Motocross championship season

The 1952 Motocross European Championship was the 1st edition of the Motocross European Championship organized by the FIM and reserved for 500cc motorcycles. Participants are split into two qualifying heat races. The top riders qualify for the Grand Prix which is contested in a single round.

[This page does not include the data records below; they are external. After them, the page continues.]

theorem theorem5:
  fixes d :: nat and A :: "(nat \<Rightarrow> real) measure" and p :: real
  assumes "d \<ge> 2" and "is_copula (d - 1) A" and "1 \<le> p"
  shows "(\<forall>C K. is_copula d C \<and> marginal_copula d C = A \<and> markov_kernel d C K \<longrightarrow>
            normAp A p (\<lambda>x. regression K x - 1 / 2) \<le> 1 / 2 * (p + 1) powr (- 1 / p))
       \<and> (\<exists>C K. is_copula d C \<and> marginal_copula d C = A \<and> markov_kernel d C K \<and>
            normAp A p (\<lambda>x. regression K x - 1 / 2) = 1 / 2 * (p + 1) powr (- 1 / p))"
proof -
  define n where "n = d - 1"
  have d: "d = Suc n" and "0 < n"
    using assms(1) by (simp_all add: n_def)
  have A: "is_copula n A" and sets_A: "sets A = sets (cube_ms n)"
    using assms(2) by (simp_all add: n_def is_copula_def)
  have bound: "((1/2) powr p / (p + 1)) powr (1 / p) = 1 / 2 * (p + 1) powr (- 1 / p)"
    using assms(3) by (intro half_powr_div_powr_inverse) simp
  define h where "h = (\<lambda>x::nat \<Rightarrow> real. x 0)"
  have h: "h \<in> cube_ms n \<rightarrow>\<^sub>M lborel" "distr A lborel h = uniform_measure lborel {0..1}"
    using A \<open>0 < n\<close> measurable_cube_ms_component[of 0 n] by (auto simp: h_def is_copula_def)
  have h_A: "h \<in> A \<rightarrow>\<^sub>M lborel"
    by (subst measurable_cong_sets[OF sets_A refl]) (rule h(1))
  have "is_copula d (completely_dependent_copula n A h)
      \<and> marginal_copula d (completely_dependent_copula n A h) = A
      \<and> markov_kernel d (completely_dependent_copula n A h) (\<lambda>x. return lborel (h x))
      \<and> normAp A p (\<lambda>x. regression (\<lambda>x. return lborel (h x)) x - 1 / 2) = 1 / 2 * (p + 1) powr (- 1 / p)"
    using is_copula_completely_dependent_copula[OF A h] marginal_completely_dependent_copula[OF sets_A h(1)]
      markov_kernel_completely_dependent_copula[OF sets_A h(1)]
      normAp_regression_return[OF h_A h(2)] assms(3) bound
    by (simp add: d)
  moreover have "normAp A p (\<lambda>x. regression K x - 1 / 2) \<le> 1 / 2 * (p + 1) powr (- 1 / p)"
    if "is_copula d C" "marginal_copula d C = A" "markov_kernel d C K" for C K
    using normAp_regression_le[of n C K p] that assms(3) bound by (simp add: d)
  ultimately show ?thesis
    by blast
qed

end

If the number of competitors is low, race organizers are allowed to cancel the qualifying heat races and all competitors take part in the Grand Prix race which is contested in a single round.

Since 1957 this championship has then become the current Motocross World Championship.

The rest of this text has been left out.